# Piranha with a complete flat head



## Trillyen (Sep 2, 2003)

I was wondering what kind of p i have because its head is vertically flat like the up and down ways.Most ps heads kinda come out in a damn near maybe almost to a point shape, but this one p i got was born with a flat head, i was wondering if this was the characteristic of a particular species or what i think he looks sooo cool like that, but its pretty unusual u dont see many like this.its back is damn near flat to there is hardly no arch.Is this a rare species?I bought it out of a tank mixed in with some reds!


----------



## Nethius (Feb 23, 2003)

got any pics?


----------



## fishofury (May 10, 2003)

how long have you had him. it was probably not well fed. post up some pics so we can see what you're talking about. keep us updated.


----------



## Judazzz (Jan 13, 2003)

Does it look like this one: Serrasalmus elongatus?

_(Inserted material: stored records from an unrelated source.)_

lemma dominated2_integral_first:
  assumes "dominated3 h"
  shows "dominated2 (\<lambda>y z. LBINT x. h x y z)"
proof -
  obtain C where m: "(\<lambda>(x,y,z). h x y z) \<in> borel_measurable (lborel \<Otimes>\<^sub>M (lborel \<Otimes>\<^sub>M lborel))"
    and b: "\<And>x y z. \<bar>h x y z\<bar> \<le> C * \<bar>K x\<bar> * \<bar>K y\<bar> * \<bar>K z\<bar>"
    using assms unfolding dominated3_def by auto
  show ?thesis
  proof (rule dominated2I)
    have "(\<lambda>((y,z),x). h x y z) \<in> borel_measurable ((lborel \<Otimes>\<^sub>M lborel) \<Otimes>\<^sub>M lborel)"
      using measurable_compose[OF _ m, of "\<lambda>((y,z),x). (x,y,z)"] by (simp add: case_prod_beta')
    then show "(\<lambda>(y,z). LBINT x. h x y z) \<in> borel_measurable (lborel \<Otimes>\<^sub>M lborel)"
      using lborel.borel_measurable_lebesgue_integral[of "\<lambda>(y,z) x. h x y z" "lborel \<Otimes>\<^sub>M lborel"]
      by (simp add: case_prod_beta')
    fix y z
    have "\<bar>h x y z\<bar> \<le> (C * \<bar>K y\<bar> * \<bar>K z\<bar>) * \<bar>K x\<bar>" for x
      using b[of x y z] by (simp add: ac_simps)
    from abs_integral_le_abs_K_integral[OF integrable_dominated2_section[OF dominated2_section[OF assms]] this]
    show "\<bar>LBINT x. h x y z\<bar> \<le> (C * (LBINT x. \<bar>K x\<bar>)) * \<bar>K y\<bar> * \<bar>K z\<bar>"
      by (simp add: ac_simps)
  qed
qed

lemma dominated3_swap12:
  assumes "dominated3 h"
  shows "dominated3 (\<lambda>x y z. h y x z)"
proof -
  obtain C where m: "(\<lambda>(x,y,z). h x y z) \<in> borel_measurable (lborel \<Otimes>\<^sub>M (lborel \<Otimes>\<^sub>M lborel))"
    and b: "\<And>x y z. \<bar>h x y z\<bar> \<le> C * \<bar>K x\<bar> * \<bar>K y\<bar> * \<bar>K z\<bar>"
    using assms unfolding dominated3_def by auto
  show ?thesis
  proof (rule dominated3I)
    show "(\<lambda>(x,y,z). h y x z) \<in> borel_measurable (lborel \<Otimes>\<^sub>M (lborel \<Otimes>\<^sub>M lborel))"
      using measurable_compose[OF _ m, of "\<lambda>(x,y,z). (y,x,z)"] by (simp add: case_prod_beta')
    show "\<bar>h y x z\<bar> \<le> C * \<bar>K x\<bar> * \<bar>K y\<bar> * \<bar>K z\<bar>" for x y z
      using b[of y x z] by (simp add: ac_simps)
  qed
qed

lemma dominated3_swap23:
  assumes "dominated3 h"
  shows "dominated3 (\<lambda>x y z. h x z y)"
proof -
  obtain C where m: "(\<lambda>(x,y,z). h x y z) \<in> borel_measurable (lborel \<Otimes>\<^sub>M (lborel \<Otimes>\<^sub>M lborel))"
    and b: "\<And>x y z. \<bar>h x y z\<bar> \<le> C * \<bar>K x\<bar> * \<bar>K y\<bar> * \<bar>K z\<bar>"
    using assms unfolding dominated3_def by auto
  show ?thesis
  proof (rule dominated3I)
    show "(\<lambda>(x,y,z). h x z y) \<in> borel_measurable (lborel \<Otimes>\<^sub>M (lborel \<Otimes>\<^sub>M lborel))"
      using measurable_compose[OF _ m, of "\<lambda>(x,y,z). (x,z,y)"] by (simp add: case_prod_beta')
    show "\<bar>h x z y\<bar> \<le> C * \<bar>K x\<bar> * \<bar>K y\<bar> * \<bar>K z\<bar>" for x y z
      using b[of x z y] by (simp add: ac_simps)
  qed
qed

lemma triple_integral_swap12:
  assumes "dominated3 h"
  shows "(LBINT z. LBINT y. LBINT x. h x y z) = (LBINT z. LBINT y. LBINT x. h y x z)"
  by (rule Bochner_Integration.integral_cong[OF refl])
     (rule dominated2_integral_swap[OF dominated2_section[OF assms]])

lemma triple_integral_swap23:
  assumes "dominated3 h"
  shows "(LBINT z. LBINT y. LBINT x. h x y z) = (LBINT z. LBINT y. LBINT x. h x z y)"
  by (rule dominated2_integral_swap[OF dominated2_integral_first[OF assms]])

lemma triple_integral_swap13:
  assumes "dominated3 h"
  shows "(LBINT z. LBINT y. LBINT x. h x y z) = (LBINT z. LBINT y. LBINT x. h z y x)"
  using triple_integral_swap12[OF assms] triple_integral_swap23[OF dominated3_swap12[OF assms]]
    triple_integral_swap12[OF dominated3_swap23[OF dominated3_swap12[OF assms]]]
  by simp

lemma triple_integral_last_innermost:
  assumes "dominated3 h"
  shows "(LBINT z. LBINT y. LBINT x. h x y z) = (LBINT y. LBINT x. LBINT z. h x y z)"
  using triple_integral_swap23[OF assms] triple_integral_swap12[OF dominated3_swap23[OF assms]]
  by simp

btw: what size is it: many juvenile piranha's, including pygo's, have a more pointy snouts than older specimen...


----------



## tecknik (Jul 18, 2003)

Whoa, i'd like to see what this p looks like


----------



## wrathofgeo (Aug 23, 2003)

whered you get it at>?


----------



## wrathofgeo (Aug 23, 2003)




----------



## Xenocobra (Sep 6, 2003)

pics would help :nod:


----------



## Makoa84 (Aug 27, 2003)

yeah post some pics up and where did u get it????


----------



## SERRAPYGO (Feb 4, 2003)

Moved to piranha species ID.

Could be a deformity.


----------



## 10RedBellyPiranhas (Aug 24, 2003)

yah post some pictures :nod:

-Steve


----------



## bbq (Jun 3, 2003)

Yea very interesting..post sum pics


----------



## Trillyen (Sep 2, 2003)

I got some pics, but i have no idea how to get them up or id have those cool pics under my name like u guys if u got time could some one tell me how to put them, up then id have all kind of pics like of my flat head and no judazz it didnt look like that one its face is flat like it ran into a wall like vertically up and down flat, but ill show u but u gotta tell me.ok.


----------



## tecknik (Jul 18, 2003)

You need to have 100posts to be able to post a pic. If you want, you can email it to me and I can post them up for you


----------



## iLLwiLL (Jun 13, 2003)

when you make a new post, use the use the "file attachments" feature. its located right above the "reply" button.

~Will.


----------



## mmmike247 (Jul 22, 2003)

pics would be hella tite!


----------